Turtles don’t have access to never-ending supplies of food in the wild and if they did they would eventually eat themselves to obesity. A good rule of thumb is to feed your turtle a hunk of food no bigger than its head and neck, and then allow them 15 minutes to eat. When the 15 minutes is up take the food away and that is their daily feeding.

2) Always Keep the Environment Clean: This is for your benefit as well as the turtle. Turtles are messy eaters and not the least bit concerned about where they poop. Rotting food bits and feces in the swimming area makes an unsanitary environment, not to mention a tank that will make your whole living room smelly!

Make sure to get a powerful filter for the swimming area rated for at least twice the capacity of the water and scoop out any large bits daily to keep the water from becoming acidic. Setting up an area in the turtles tank or even an eating area outside of the tank will reduce how much old food gets sprawled about.

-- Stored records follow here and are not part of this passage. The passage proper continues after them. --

lemma freegrad_slope_scale:
  fixes s v :: real
  assumes "0 < G" "0 < v"
  shows "freegrad_slope 1 (s / G) (v / G^2) = G * freegrad_slope G s v"
proof -
  have "2 * (v / G^2) + 1 * \<bar>s / G\<bar> = (2 * v + G * \<bar>s\<bar>) / G^2"
    "v / G^2 + 1 * \<bar>s / G\<bar> = (v + G * \<bar>s\<bar>) / G^2"
    using assms by (simp_all add: field_simps power2_eq_square abs_div)
  moreover have "0 < v + G * \<bar>s\<bar>" using assms by (simp add: add_pos_nonneg)
  moreover have "s / G * (A / G^2) / (2 * (B / G^2)^2) = G * (s * A / (2 * B^2))" if "0 < B" for A B
    using assms that by (simp add: field_simps power2_eq_square)
  ultimately show ?thesis
    unfolding freegrad_slope_def by metis
qed

lemma freegrad_potential_step:
  fixes s v g :: real
  assumes "0 < G" "0 < eps" "0 < v" "\<bar>g\<bar> \<le> G"
  shows "freegrad_potential eps G (s + g) (v + g^2) + g * freegrad_pred eps G s v
    \<le> freegrad_potential eps G s v"
proof -
  define c where "c = g / G"
  have "\<bar>c\<bar> \<le> 1" using assms(1,4) unfolding c_def by (simp add: abs_div)
  have "(s + g) / G = s / G + c" "(v + g^2) / G^2 = v / G^2 + c^2"
    using assms(1) unfolding c_def by (simp_all add: field_simps)
  moreover have "0 < v + g^2" using add_pos_nonneg[OF assms(3) zero_le_power2[of g]] .
  ultimately have "freegrad_potential eps G (s + g) (v + g^2)
      = eps * G * freegrad_potential 1 1 (s / G + c) (v / G^2 + c^2)"
    using freegrad_potential_scale[OF assms(1), of "v + g^2" eps "s + g"] by simp
  also have "\<dots> \<le> eps * G * (freegrad_potential 1 1 (s / G) (v / G^2)
      * (1 + c * freegrad_slope 1 (s / G) (v / G^2)))"
    using assms \<open>\<bar>c\<bar> \<le> 1\<close> by (intro mult_left_mono freegrad_potential_step_normalized) auto
  also have "\<dots> = freegrad_potential eps G s v * (1 + g * freegrad_slope G s v)"
    using assms(1) freegrad_potential_scale[OF assms(1,3), of eps s] freegrad_slope_scale[OF assms(1,3), of s]
    unfolding c_def by simp
  finally show ?thesis by (simp add: freegrad_pred_eq_slope algebra_simps)
qed

lemma freegrad_loss_plus_potential_le:
  fixes g :: "nat \<Rightarrow> real"
  assumes "0 < G" "0 < eps" "\<forall>t\<in>{1..n}. \<bar>g t\<bar> \<le> G"
  shows "(\<Sum>t=1..n. g t * freegrad_pred eps G (\<Sum>i=1..t-1. g i) (G^2 + (\<Sum>i=1..t-1. (g i)^2)))
    + freegrad_potential eps G (\<Sum>t=1..n. g t) (G^2 + (\<Sum>t=1..n. (g t)^2)) \<le> eps * G"
  using assms(3)
proof (induction n)
  case 0
  show ?case using assms(1) by (simp add: freegrad_potential_def power2_eq_square)
next
  case (Suc n)
  define s where "s = (\<Sum>t=1..n. g t)"
  define v where "v = G^2 + (\<Sum>t=1..n. (g t)^2)"
  have "0 < v" unfolding v_def using assms(1) by (simp add: add_pos_nonneg sum_nonneg)
  have "freegrad_potential eps G (s + g (Suc n)) (v + (g (Suc n))^2) + g (Suc n) * freegrad_pred eps G s v
      \<le> freegrad_potential eps G s v"
    using assms(1,2) \<open>0 < v\<close> Suc.prems by (intro freegrad_potential_step) auto
  then show ?case
    using Suc unfolding s_def v_def by (simp add: add.assoc)
qed

lemma bound_of_potential_exponent_lt_ln:
  fixes G V \<Lambda> a :: real
  assumes "0 < G" "G^2 \<le> V" "1 \<le> \<Lambda>" "0 < a"
    and "a^2 / (2 * V + 2 * G * a) < ln (a / sqrt V) + \<Lambda>"
  shows "a \<le> 24 * \<Lambda> * sqrt V"
proof -
  have "0 < V" using assms(1,2) by (smt (verit) zero_less_power2)
  have "G \<le> sqrt V" using assms(1,2) by (simp add: real_le_rsqrt)
  have "0 < 2 * V + 2 * G * a" using assms(1,4) \<open>0 < V\<close> by (simp add: add_pos_pos)
  \<comment> \<open>The exponent is quadratic in \<open>a / sqrt V\<close> while \<open>G * a \<le> V\<close> and linear in \<open>a / G\<close> beyond.\<close>
  show ?thesis
  proof (cases "G * a \<le> V")
    case True
    have "(a / sqrt V)^2 / 4 = a^2 / (4 * V)" using \<open>0 < V\<close> by (simp add: power_divide)
    also have "\<dots> \<le> a^2 / (2 * V + 2 * G * a)"
      using True \<open>0 < 2 * V + 2 * G * a\<close> \<open>0 < V\<close> by (intro divide_left_mono) auto
    finally have "(a / sqrt V)^2 / 4 \<le> ln (a / sqrt V) + \<Lambda>" using assms(5) by linarith
    moreover have "0 < a / sqrt V" using assms(4) \<open>0 < V\<close> by simp
    ultimately have "a / sqrt V \<le> 4 * \<Lambda>" using assms(3) by (intro bound_of_square_quarter_le_ln)
    then have "a \<le> 4 * \<Lambda> * sqrt V" using \<open>0 < V\<close> by (simp add: divide_le_eq)
    also have "\<dots> \<le> 24 * \<Lambda> * sqrt V" using \<open>0 < V\<close> assms(3) by simp
    finally show ?thesis .
  next
    case False
    have "(a / G) / 4 = a^2 / (4 * G * a)" using assms(4) by (simp add: power2_eq_square)
    also have "\<dots> \<le> a^2 / (2 * V + 2 * G * a)"
      using False \<open>0 < 2 * V + 2 * G * a\<close> assms(1,4) by (intro divide_left_mono) auto
    moreover have "ln (a / sqrt V) \<le> ln (a / G)"
    proof -
      have "a / sqrt V \<le> a / G"
        using \<open>G \<le> sqrt V\<close> \<open>0 < V\<close> assms(1,4) by (intro divide_left_mono) auto
      then show ?thesis using \<open>0 < V\<close> assms(1,4) by simp
    qed
    ultimately have "(a / G) / 4 \<le> ln (a / G) + \<Lambda>" using assms(5) by linarith
    moreover have "0 < a / G" using assms(1,4) by simp
    ultimately have "a / G \<le> 24 * \<Lambda>" using assms(3) by (intro bound_of_quarter_le_ln)
    then have "a \<le> 24 * \<Lambda> * G" using assms(1) by (simp add: divide_le_eq)
    also have "\<dots> \<le> 24 * \<Lambda> * sqrt V" using \<open>G \<le> sqrt V\<close> assms(3) by simp
    finally show ?thesis .
  qed
qed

3) Turtles Don’t Like Being Manhandled: This is particularly true with children that love nothing better than to turn the turtle around in all kinds of directions to explore the different sides of the shell. The problem is that turtles get stressed easily when handled.

When they are really small it is actually illegal to sell turtles under 4 inches long because the smaller the turtle the more likely it is that a child will put it in their mouth and get salmonella poisoning. All turtles of all sizes carry the salmonella gene, so anytime you do need to handle the animal make sure to wash your hands before and after.

Wash before touching the turtle to keep from contaminating the Turtle and then wash after so that you are not contaminated yourself. Needless to say Turtles are NOT good pets for children, an adult must constantly maintain the Turtles environment.

Caring for turtles is a lot like caring for other pets if you think about it. Any pet requires you to provide it with a safe and sanitary environment to live in. Nothing should be in that environment that would allow the animal to potentially harm itself. Turtles are very similar in this aspect. You have to keep in mind that Turtles don’t necessarily know what is best for them and could care less about being tidy. As long as you are informed you will do a fine job caring for turtles.